Correct. The buoyant force is the weight ##mg## of the displaced air, which I'll take your word for it has mass 2.3 mg.

Note that this depends only on the volume of the vessel. It doesn't matter what's inside it: vacuum, helium, air, or solid iron.

men5j2s said:
  • The weight of the vessel is larger, so it won't float, but the buoyancy effect can be measured!

The buoyancy effect can be measured by comparison to the weight measured in other media. In vacuum, you should get a value with is 2.3 mg heavier.

men5j2s said:
  • Adding air to 1atm (~1bar absolute) inside the vessel, means density equilibrium inside and outside the vessel, so no buoyancy effect!
There will always be a buoyancy effect in the sense of the weight when immersed in air appearing to be 2.3 mg less than the weight in vacuum. I think you are thinking about neutral buoyancy, where the buoyant force is equal to the weight of the object. But that won't be true here with a steel vessel.

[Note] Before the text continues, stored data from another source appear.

(* Let $\mathcal{P}$ be a finite corpus of programs, let $S$ be the (finite) set of complete abstractions whose size does not exceed the size of the largest program in $\mathcal{P}$, and let $U$ be any real-valued utility function on complete abstractions. Run the naïve top-down search over $S$ augmented with strict dominance pruning, i.e. at any step the search may discard a popped partial abstraction $\hat A'$ instead of expanding it, provided that there exists some partial abstraction $\hat A''$ that strictly dominates $\hat A'$ (whether or not $\hat A''$ has itself been enumerated or pruned). Then the search finds an optimal abstraction, i.e. a complete abstraction $A^\ast\in S$ with $U(A^\ast)\ge U(A)$ for all $A\in S$.
   Context: Programs are closed untyped lambda-calculus terms with de Bruijn indices: $e ::= \lambda.\,e \mid (e\ e) \mid \$i \mid t$, where $\$i$ refers to the variable bound by the $i$-th closest enclosing $\lambda$ and $t$ ranges over a fixed set of primitive symbols. A (complete) abstraction is a term of the grammar $A ::= \lambda.\,A \mid (A\ A) \mid \$i \mid t \mid \alpha$, where $\alpha,\beta,\dots$ are abstraction variables (it represents the body of a function taking the abstraction variables as arguments). A partial abstraction additionally may contain holes $??$: $\hat A ::= A \mid ?? \mid \lambda.\,\hat A \mid (\hat A\ \hat A)$, each hole carrying a unique index. An expansion $\hat A\to\hat A'$ replaces one hole of $\hat A$ by one production of the partial-abstraction grammar ($\lambda.\,??$, $(??\ ??)$ with fresh holes, some $\$i$, some primitive $t$, or an abstraction variable, new or already present). $\hat A\to^\ast A$ ("$A$ is derivable from $\hat A$") denotes the reflexive–transitive closure of expansion; every abstraction is derivable from $??$. The naïve search keeps a queue initialized with the single partial abstraction $??$; at each step it pops a partial abstraction, chooses a hole, and expands it in every possible way, pushing resulting partial abstractions onto the queue and, for resulting complete abstractions, computing their utility and updating the best abstraction found so far; it never produces abstractions larger than the largest program in $\mathcal{P}$, so without pruning it enumerates each element of $S$ exactly once. A complete abstraction $A''$ covers a complete abstraction $A'$ if $U(A'')>U(A')$. A partial abstraction $\hat A''$ strictly dominates a partial abstraction $\hat A'$ if for every complete $A'$ with $\hat A'\to^\ast A'$ there exists a complete $A''$ with $\hat A''\to^\ast A''$ such that $A''$ covers $A'$ (abstractions ranging over $S$). *)

theory Defs
  imports Complex_Main
begin

datatype 'p prog = PLam "'p prog" | PApp "'p prog" "'p prog" | PVar nat | PPrim 'p

fun prog_size :: "'p prog \<Rightarrow> nat" where
  "prog_size (PLam e) = Suc (prog_size e)"
| "prog_size (PApp a b) = Suc (prog_size a + prog_size b)"
| "prog_size (PVar i) = 1"
| "prog_size (PPrim t) = 1"

fun prog_closed_at :: "nat \<Rightarrow> 'p prog \<Rightarrow> bool" where
  "prog_closed_at d (PLam e) = prog_closed_at (Suc d) e"
| "prog_closed_at d (PApp a b) = (prog_closed_at d a \<and> prog_closed_at d b)"
| "prog_closed_at d (PVar i) = (i < d)"
| "prog_closed_at d (PPrim t) = True"

fun prog_prims :: "'p prog \<Rightarrow> 'p set" where
  "prog_prims (PLam e) = prog_prims e"
| "prog_prims (PApp a b) = prog_prims a \<union> prog_prims b"
| "prog_prims (PVar i) = {}"
| "prog_prims (PPrim t) = {t}"

datatype 'p pabs = Lam "'p pabs" | App "'p pabs" "'p pabs" | Var nat | Prim 'p
  | AVar nat
  | Hole      \<comment> \<open>hole ??, identified by its position\<close>

fun asize :: "'p pabs \<Rightarrow> nat" where
  "asize (Lam e) = Suc (asize e)"
| "asize (App a b) = Suc (asize a + asize b)"
| "asize (Var i) = 1"
| "asize (Prim t) = 1"
| "asize (AVar k) = 1"
| "asize Hole = 1"

fun complete :: "'p pabs \<Rightarrow> bool" where
  "complete (Lam e) = complete e"
| "complete (App a b) = (complete a \<and> complete b)"
| "complete Hole = False"
| "complete _ = True"

fun avars :: "'p pabs \<Rightarrow> nat set" where
  "avars (Lam e) = avars e"
| "avars (App a b) = avars a \<union> avars b"
| "avars (AVar k) = {k}"
| "avars _ = {}"

fun rename :: "(nat \<Rightarrow> nat) \<Rightarrow> 'p pabs \<Rightarrow> 'p pabs" where
  "rename \<sigma> (Lam e) = Lam (rename \<sigma> e)"
| "rename \<sigma> (App a b) = App (rename \<sigma> a) (rename \<sigma> b)"
| "rename \<sigma> (AVar k) = AVar (\<sigma> k)"
| "rename \<sigma> e = e"

definition fresh :: "'p pabs \<Rightarrow> nat" where
  "fresh A = (LEAST k. k \<notin> avars A)"

inductive hole_pos :: "'p pabs \<Rightarrow> nat list \<Rightarrow> nat \<Rightarrow> bool" where
  "hole_pos Hole [] 0"
| "hole_pos e p d \<Longrightarrow> hole_pos (Lam e) (0 # p) (Suc d)"
| "hole_pos a p d \<Longrightarrow> hole_pos (App a b) (0 # p) d"
| "hole_pos b p d \<Longrightarrow> hole_pos (App a b) (Suc 0 # p) d"

fun subst_at :: "nat list \<Rightarrow> 'p pabs \<Rightarrow> 'p pabs \<Rightarrow> 'p pabs" where
  "subst_at [] r e = r"
| "subst_at (0 # ps) r (Lam e) = Lam (subst_at ps r e)"
| "subst_at (0 # ps) r (App a b) = App (subst_at ps r a) b"
| "subst_at (Suc 0 # ps) r (App a b) = App a (subst_at ps r b)"
| "subst_at _ r e = e"

definition productions :: "'p set \<Rightarrow> 'p pabs \<Rightarrow> nat \<Rightarrow> 'p pabs set" where
  "productions T A d =
     {Lam Hole, App Hole Hole} \<union> Var ` {..<d} \<union> Prim ` T
     \<union> AVar ` (insert (fresh A) (avars A))"

definition expansions :: "'p set \<Rightarrow> 'p pabs \<Rightarrow> nat list \<Rightarrow> 'p pabs set" where
  "expansions T A p = {subst_at p r A | r d. hole_pos A p d \<and> r \<in> productions T A d}"

definition expand :: "'p set \<Rightarrow> 'p pabs \<Rightarrow> 'p pabs \<Rightarrow> bool" where
  "expand T A A' \<longleftrightarrow> (\<exists>p. A' \<in> expansions T A p)"

abbreviation derivable :: "'p set \<Rightarrow> 'p pabs \<Rightarrow> 'p pabs \<Rightarrow> bool" where
  "derivable T A A' \<equiv> (expand T)\<^sup>*\<^sup>* A A'"

definition search_space :: "'p set \<Rightarrow> nat \<Rightarrow> 'p pabs set" where
  "search_space T bound = {A. derivable T Hole A \<and> complete A \<and> asize A \<le> bound}"

definition covers :: "('p pabs \<Rightarrow> real) \<Rightarrow> 'p pabs \<Rightarrow> 'p pabs \<Rightarrow> bool" where
  "covers U A'' A' \<longleftrightarrow> U A'' > U A'"

definition strictly_dominates ::
  "'p set \<Rightarrow> nat \<Rightarrow> ('p pabs \<Rightarrow> real) \<Rightarrow> 'p pabs \<Rightarrow> 'p pabs \<Rightarrow> bool" where
  "strictly_dominates T bound U B A \<longleftrightarrow>
     (\<forall>A' \<in> search_space T bound. derivable T A A' \<longrightarrow>
        (\<exists>A'' \<in> search_space T bound. derivable T B A'' \<and> covers U A'' A'))"

definition is_best :: "('p pabs \<Rightarrow> real) \<Rightarrow> 'p pabs set \<Rightarrow> 'p pabs option \<Rightarrow> bool" where
  "is_best U C b \<longleftrightarrow> (C = {} \<and> b = None) \<or> (\<exists>x. b = Some x \<and> x \<in> C \<and> (\<forall>y\<in>C. U y \<le> U x))"

text \<open>One step of the naive top-down search with strict dominance pruning.
  State: (queue, best abstraction found so far).\<close>
inductive search_step ::
  "'p set \<Rightarrow> nat \<Rightarrow> ('p pabs \<Rightarrow> real) \<Rightarrow>
   'p pabs list \<times> 'p pabs option \<Rightarrow> 'p pabs list \<times> 'p pabs option \<Rightarrow> bool"
  for T bound U where
  expand_step:
    "\<lbrakk> hole_pos A p d;
       distinct xs;
       set xs = {A' \<in> expansions T A p. \<not> complete A' \<and> asize A' \<le> bound};
       is_best U (set_option b \<union> {A' \<in> expansions T A p. complete A' \<and> asize A' \<le> bound}) b' \<rbrakk>
     \<Longrightarrow> search_step T bound U (A # Q, b) (Q @ xs, b')"
| prune_step:
    "strictly_dominates T bound U B A
     \<Longrightarrow> search_step T bound U (A # Q, b) (Q, b)"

It's still a lot heavier than the displaced volume of air.

men5j2s said:
  • Adding helium to 2atm (on top of the 1atm of air) will simply add more moles to a closed system that is already overcoming any buoyancy effect, by virtue of the 1atm of air that was in there, therefore there will be a net mass gain.
  • I should end up with a weight gain of ~2.9mg

Whatever the buoyant force was, adding mass will cause a net mass gain.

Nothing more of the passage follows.